What you will do: Pull each line containing "obtain" out of the data and copy it.
--- --- ---
lemma inj_on_mod_mult:
  assumes "\<not> p dvd r"
  shows "inj_on (\<lambda>x. (r * x + k) mod p) {0..<p}"
proof (rule inj_onI)
  fix x y
  assume xy: "x \<in> {0..<p}" "y \<in> {0..<p}" "(r * x + k) mod p = (r * y + k) mod p"
  then have "p dvd r * (x - y)"
    by (simp add: mod_eq_dvd_iff right_diff_distrib)
  then have "p dvd x - y"
    using assms prime by (simp add: prime_dvd_mult_iff)
  moreover have "\<bar>x - y\<bar> < p"
    using xy by auto
  ultimately show "x = y"
    using dvd_abs_less_imp_eq_0 by fastforce
qed

lemma sum_mod_affine:
  assumes "\<not> p dvd r"
  shows "(\<Sum>x\<in>{0..<p}. g ((r * x + k) mod p)) = (\<Sum>x\<in>{0..<p}. g x)"
  by (rule sum_reindex_endo_inj[OF _ _ inj_on_mod_mult[OF assms]]) (use p_pos in auto)

lemma sum_mod_translate: "(\<Sum>x\<in>{0..<p}. g ((x + k) mod p)) = (\<Sum>x\<in>{0..<p}. g x)"
  using sum_mod_affine[of 1] prime gt_2 by (simp add: zdvd1_eq)

lemma sum_mod_scale:
  "\<not> p dvd r \<Longrightarrow> (\<Sum>x\<in>{0..<p}. g ((r * x) mod p)) = (\<Sum>x\<in>{0..<p}. g x)"
  using sum_mod_affine[of r g 0] by simp

lemma quad_res_eq_small_square:
  assumes x: "x \<in> {1..<p}" and "chi x = 1"
  shows "x \<in> (\<lambda>z. z^2 mod p) ` {1..(p - 1) div 2}"
proof -
  obtain y where y: "[y^2 = x] (mod p)"
    using assms(2) unfolding chi_eq_1_iff QuadRes_def by blast
  define z where "z = y mod p"
  have z2: "z^2 mod p = x"
    using y x unfolding z_def cong_def by (simp add: power_mod)
  have "z \<noteq> 0"
    using z2 x by (auto simp: power2_eq_square)
  have "z < p" "0 \<le> z"
    using p_pos unfolding z_def by simp_all
  show ?thesis
  proof (cases "z \<le> (p - 1) div 2")
    case True
    then show ?thesis
      using z2 \<open>z \<noteq> 0\<close> \<open>0 \<le> z\<close> by (intro image_eqI[of x _ z]) auto
  next
    case False
    then have "p - z \<in> {1..(p - 1) div 2}"
      using \<open>z < p\<close> p_odd by (auto elim!: oddE)
    moreover have "(p - z)^2 = z^2 + p * (p - 2 * z)"
      by (simp add: power2_eq_square algebra_simps)
    ultimately show ?thesis
      using z2 by (intro image_eqI[of x _ "p - z"]) auto
  qed
qed

lemma ex_nonresidue: "\<exists>r. chi r = -1"
proof (rule ccontr)
  assume "\<nexists>r. chi r = -1"
  then have "chi x = 1" if "x \<in> {1..<p}" for x
    using that chi_cases[of x] chi_eq_0_iff[of x] by auto
  then have "{1..<p} \<subseteq> (\<lambda>z. z^2 mod p) ` {1..(p - 1) div 2}"
    using quad_res_eq_small_square by blast
  then have "card {1..<p} \<le> card ((\<lambda>z. z^2 mod p) ` {1..(p - 1) div 2})"
    by (intro card_mono) auto
  also have "\<dots> \<le> card {1..(p - 1) div 2}"
    by (rule card_image_le) simp
  finally show False
    using gt_2 by simp
qed

lemma sum_chi: "(\<Sum>x\<in>{0..<p}. chi x) = 0"
proof -
  obtain r where r: "chi r = -1"
    using ex_nonresidue by blast
  then have "\<not> p dvd r"
    using chi_eq_0_iff[of r] by (simp add: dvd_eq_mod_eq_0)
  then have "(\<Sum>x\<in>{0..<p}. chi x) = (\<Sum>x\<in>{0..<p}. chi ((r * x) mod p))"
    by (rule sum_mod_scale[symmetric])
  also have "\<dots> = - (\<Sum>x\<in>{0..<p}. chi x)"
    by (simp add: chi_mult r sum_negf)
  finally show ?thesis by simp
qed

lemma sum_chi_translate: "(\<Sum>x\<in>{0..<p}. chi (x + c)) = 0"
  using sum_mod_translate[of chi c] sum_chi by simp

definition chi_autocorr :: "int \<Rightarrow> int" where
  "chi_autocorr c = (\<Sum>x\<in>{0..<p}. chi x * chi (x + c))"

lemma chi_autocorr_mod: "chi_autocorr (c mod p) = chi_autocorr c"
  unfolding chi_autocorr_def by (intro sum.cong refl arg_cong2[where f = "(*)"] chi_cong)
    (simp_all add: mod_add_right_eq)

lemma chi_autocorr_scale:
  assumes "\<not> p dvd r"
  shows "chi_autocorr (r * c) = chi_autocorr c"
proof -
  have "chi_autocorr (r * c) = (\<Sum>x\<in>{0..<p}. chi ((r * x) mod p) * chi ((r * x) mod p + r * c))"
    unfolding chi_autocorr_def by (rule sum_mod_scale[OF assms, symmetric])
  also have "\<dots> = (\<Sum>x\<in>{0..<p}. (chi r * chi r) * (chi x * chi (x + c)))"
  proof (intro sum.cong refl)
    fix x
    have "chi ((r * x) mod p + r * c) = chi (r * (x + c))"
      by (rule chi_cong) (simp add: mod_add_left_eq distrib_left)
    then show "chi ((r * x) mod p) * chi ((r * x) mod p + r * c) = (chi r * chi r) * (chi x * chi (x + c))"
      by (simp add: chi_mult mult_ac)
  qed
  also have "\<dots> = chi_autocorr c"
    using assms chi_square[of r] unfolding chi_autocorr_def by (simp add: dvd_eq_mod_eq_0)
  finally show ?thesis .
qed

lemma chi_autocorr_0: "chi_autocorr 0 = p - 1"
proof -
  have "chi_autocorr 0 = (\<Sum>x\<in>insert 0 {1..<p}. if x = 0 then 0 else 1)"
    unfolding chi_autocorr_def using p_pos
    by (intro sum.cong) (auto simp: chi_square chi_eq_0_iff)
  then show ?thesis
    using p_pos by simp
qed

lemma sum_chi_autocorr: "(\<Sum>c\<in>{0..<p}. chi_autocorr c) = 0"
proof -
  have "(\<Sum>c\<in>{0..<p}. chi_autocorr c) = (\<Sum>x\<in>{0..<p}. chi x * (\<Sum>c\<in>{0..<p}. chi (x + c)))"
    unfolding chi_autocorr_def by (subst sum.swap) (simp add: sum_distrib_left)
  also have "\<dots> = 0"
    using sum_chi_translate by (simp add: add.commute)
  finally show ?thesis .
qed

text \<open>Scaling by \<open>r \<noteq> 0\<close> permutes the nonzero classes, so all nonzero shifts have the
  same autocorrelation, and these \<open>p - 1\<close> equal values sum to \<open>-(p - 1)\<close>.\<close>
lemma chi_autocorr_nonzero:
  assumes "\<not> p dvd c"
  shows "chi_autocorr c = -1"
proof -
  have "0 = (\<Sum>r\<in>{0..<p}. chi_autocorr ((c * r) mod p))"
    by (simp only: sum_mod_scale[OF assms] sum_chi_autocorr)
  also have "\<dots> = chi_autocorr 0 + (\<Sum>r\<in>{1..<p}. chi_autocorr (r * c))"
  proof -
    have "{0..<p} = insert 0 {1..<p}"
      using p_pos by auto
    then show ?thesis
      by (simp add: chi_autocorr_mod mult.commute)
  qed
  also have "\<dots> = (p - 1) * (1 + chi_autocorr c)"
  proof -
    have "\<And>r. r \<in> {1..<p} \<Longrightarrow> chi_autocorr (r * c) = chi_autocorr c"
      by (rule chi_autocorr_scale) (use dvd_abs_less_imp_eq_0 in fastforce)
    then show ?thesis
      using p_pos by (simp add: chi_autocorr_0 algebra_simps)
  qed
  finally show ?thesis
    using gt_2 by simp
qed

lemma sum_chi_diff_mult_chi_diff:
  "(\<Sum>x\<in>{0..<p}. chi (x - a) * chi (x - b)) = (if p dvd a - b then p - 1 else -1)"
proof -
  have "(\<Sum>x\<in>{0..<p}. chi (x - a) * chi (x - b))
      = (\<Sum>x\<in>{0..<p}. chi ((x + a) mod p - a) * chi ((x + a) mod p - b))"
    by (rule sum_mod_translate[symmetric])
  also have "\<dots> = chi_autocorr (a - b)"
    unfolding chi_autocorr_def
    by (intro sum.cong refl arg_cong2[where f = "(*)"] chi_cong)
      (simp_all add: mod_diff_left_eq algebra_simps)
  also have "\<dots> = (if p dvd a - b then p - 1 else -1)"
    using chi_autocorr_nonzero chi_autocorr_0 chi_autocorr_mod[of "a - b"]
    by (auto simp: dvd_eq_mod_eq_0)
  finally show ?thesis .
qed

definition quad_res :: "int set" where
  "quad_res = {x\<in>{0..<p}. chi x = 1}"

lemma finite_quad_res [simp]: "finite quad_res"
  unfolding quad_res_def by (rule finite_subset[of _ "{0..<p}"]) auto

lemma card_quad_res: "2 * int (card quad_res) + 1 = p"
proof -
  have "p = (\<Sum>x\<in>{0..<p}. 1 + chi x)"
    using sum_chi p_pos by (simp add: sum.distrib)
  also have "\<dots> = (\<Sum>x\<in>{0..<p}. 2 * of_bool (x \<in> quad_res) + of_bool (x = 0))"
  proof (intro sum.cong refl)
    fix x
    assume x: "x \<in> {0..<p}"
    then have "chi x = 0 \<longleftrightarrow> x = 0"
      using chi_eq_0_iff[of x] by simp
    then show "1 + chi x = 2 * of_bool (x \<in> quad_res) + of_bool (x = 0)"
      using x chi_cases[of x] unfolding quad_res_def by auto
  qed
  also have "\<dots> = 2 * int (card quad_res) + 1"
  proof -
    have "{0..<p} \<inter> {x. x \<in> quad_res} = quad_res" and "{0..<p} \<inter> {x. x = 0} = {0}"
      using p_pos unfolding quad_res_def by auto
    then show ?thesis
      by (simp add: sum.distrib sum_distrib_left[symmetric])
  qed
  finally show ?thesis ..
qed

text \<open>Count via \<open>\<Sum>u. (1 + chi u) (1 + chi (y - u)) = 4 \<cdot> #{u. chi u = chi (y - u) = 1}\<close>:
  the terms with \<open>u = 0\<close> or \<open>u = y\<close> vanish because \<open>chi y = -1 = chi (-y)\<close>.\<close>
lemma card_quad_res_pairs:
  assumes "chi (-1) = 1" and y: "chi y = -1"
  shows "4 * int (card {u\<in>quad_res. chi (y - u) = 1}) = p - 1"
proof -
  have chi_neg: "chi (- x) = chi x" for x
    using chi_mult[of "-1" x] assms(1) by simp
  have "4 * int (card {u\<in>quad_res. chi (y - u) = 1})
      = (\<Sum>u\<in>{0..<p}. 4 * (if chi u = 1 \<and> chi (y - u) = 1 then 1 else 0))"
  proof -
    have "{u\<in>quad_res. chi (y - u) = 1} = {u\<in>{0..<p}. chi u = 1 \<and> chi (y - u) = 1}"
      unfolding quad_res_def by auto
    then show ?thesis
      by (simp add: sum_distrib_left[symmetric] sum.inter_filter[symmetric])
  qed
  also have "\<dots> = (\<Sum>u\<in>{0..<p}. 1 + chi u + chi (u + - y) + chi (u - 0) * chi (u - y))"
  proof (intro sum.cong refl)
    fix u
    have "chi u = 0 \<Longrightarrow> chi (y - u) = -1" and "chi (y - u) = 0 \<Longrightarrow> chi u = -1"
      using y chi_cong[of "y - u" y] chi_cong[of u y]
      by (auto simp: chi_eq_0_iff mod_eq_dvd_iff dvd_eq_mod_eq_0[symmetric] dvd_diff_commute)
    moreover have "chi (y - u) = chi (u - y)"
      using chi_neg[of "u - y"] by simp
    ultimately show "4 * (if chi u = 1 \<and> chi (y - u) = 1 then 1 else 0)
        = 1 + chi u + chi (u + - y) + chi (u - 0) * chi (u - y)"
      using chi_cases[of u] chi_cases[of "y - u"] by auto
  qed
  also have "\<dots> = p + (\<Sum>u\<in>{0..<p}. chi u) + (\<Sum>u\<in>{0..<p}. chi (u + - y))
      + (\<Sum>u\<in>{0..<p}. chi (u - 0) * chi (u - y))"
    using p_pos by (simp add: sum.distrib)
  also have "\<dots> = p - 1"
  proof -
    have "\<not> p dvd 0 - y"
      using y chi_eq_0_iff[of y] by (simp add: mod_eq_0_iff_dvd)
    then show ?thesis
      using sum_chi sum_chi_translate[of "-y"] sum_chi_diff_mult_chi_diff[of 0 y] by simp
  qed
  finally show ?thesis .
qed

text \<open>With \<open>S x = \<Sum>y\<in>U. chi (x - y)\<close>, the left side is \<open>(\<Sum>t\<in>T. S (r t))\<^sup>2\<close>; apply
  Cauchy-Schwarz and extend the sum of \<open>S\<^sup>2\<close> to all of \<open>{0..<p}\<close>, where it equals
  \<open>|U| (p - |U|)\<close> by the autocorrelation values.\<close>
lemma sum_chi_scaled_diff_square_le:
  assumes T: "T \<subseteq> {0..<p}" and U: "U \<subseteq> {0..<p}" and r: "\<not> p dvd r"
  shows "(\<Sum>t\<in>T. \<Sum>y\<in>U. chi (r * t - y))^2 \<le> int (card T) * (int (card U) * (p - int (card U)))"
proof -
  define S where "S x = (\<Sum>y\<in>U. chi (x - y))" for x
  have S_mod: "S (x mod p) = S x" for x
    unfolding S_def by (intro sum.cong refl chi_cong) (simp add: mod_diff_left_eq)
  have "(\<Sum>t\<in>T. (S (r * t))^2) = (\<Sum>x\<in>(\<lambda>t. (r * t) mod p) ` T. (S x)^2)"
    using inj_on_subset[OF inj_on_mod_mult[OF r, of 0] T] by (simp add: sum.reindex S_mod)
  also have "\<dots> \<le> (\<Sum>x\<in>{0..<p}. (S x)^2)"
    by (rule sum_mono2) (use p_pos in auto)
  also have "(\<Sum>x\<in>{0..<p}. (S x)^2) = (\<Sum>x\<in>{0..<p}. \<Sum>y\<in>U. \<Sum>z\<in>U. chi (x - y) * chi (x - z))"
    by (simp add: S_def power2_eq_square sum_product)
  also have "\<dots> = (\<Sum>y\<in>U. \<Sum>z\<in>U. \<Sum>x\<in>{0..<p}. chi (x - y) * chi (x - z))"
    by (subst sum.swap) (intro sum.cong refl sum.swap)
  also have "\<dots> = (\<Sum>y\<in>U. \<Sum>z\<in>U. (if y = z then p else 0) - 1)"
  proof (intro sum.cong refl)
    fix y z
    assume "y \<in> U" "z \<in> U"
    then have "y \<in> {0..<p}" "z \<in> {0..<p}"
      using U by auto
    then have "\<bar>y - z\<bar> < p"
      by auto
    then show "(\<Sum>x\<in>{0..<p}. chi (x - y) * chi (x - z)) = (if y = z then p else 0) - 1"
      using sum_chi_diff_mult_chi_diff[of y z] dvd_abs_less_imp_eq_0[of p "y - z"] by auto
  qed
  also have "\<dots> = int (card U) * (p - int (card U))"
    using finite_subset[OF U] by (simp add: sum_subtractf)
  finally have "(\<Sum>t\<in>T. (S (r * t))^2) \<le> int (card U) * (p - int (card U))" .
  with square_sum_le_card_mult_sum_squares[of "\<lambda>t. S (r * t)" T]
  show ?thesis
    unfolding S_def by (meson mult_left_mono of_nat_0_le_iff order_trans)
qed

end

locale paley_metric = odd_prime +
  fixes w :: "int set \<Rightarrow> real"
  assumes gt_5: "p > 5"
    and minus_1_res: "QuadRes p (-1)" and two_nonres: "\<not> QuadRes p 2" and three_nonres: "\<not> QuadRes p 3"
    and weight_pos: "\<And>x y. x \<in> {0..<p} \<Longrightarrow> y \<in> {0..<p} \<Longrightarrow> paley_adj p x y \<Longrightarrow>
      w {x, y} > 0"
    and chosen_path_shortest: "\<And>u v Q. u \<in> {0..<p} \<Longrightarrow> v \<in> {0..<p} \<Longrightarrow>
      u \<noteq> v \<Longrightarrow> is_path {0..<p} (paley_adj p) u v Q \<Longrightarrow>
      path_weight w (paley_ps p u v) \<le> path_weight w Q"
begin

lemma chi_2: "chi 2 = -1"
  using two_nonres gt_5 by (simp add: chi_eq_minus_1_iff)

lemma chi_3: "chi 3 = -1"
  using three_nonres gt_5 by (simp add: chi_eq_minus_1_iff)

lemma chi_4: "chi 4 = 1"
  using chi_mult[of 2 2] chi_2 by simp

lemma chi_minus_1: "chi (-1) = 1"
  using minus_1_res gt_5 by (simp add: chi_eq_1_iff zmod_zminus1_eq_if)

lemma chi_uminus: "chi (- x) = chi x"
  using chi_mult[of "-1" x] chi_minus_1 by simp

lemma chi_half: "chi half = -1"
proof -
  have "chi (2 * half) = 1"
    using chi_1 chi_cong[of "2 * half" 1] two_mult_half by simp
  then show ?thesis
    using chi_mult[of 2 half] chi_2 by simp
qed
--- --- ---
Expected answer:
  obtain y where y: "[y^2 = x] (mod p)"
  obtain r where r: "chi r = -1"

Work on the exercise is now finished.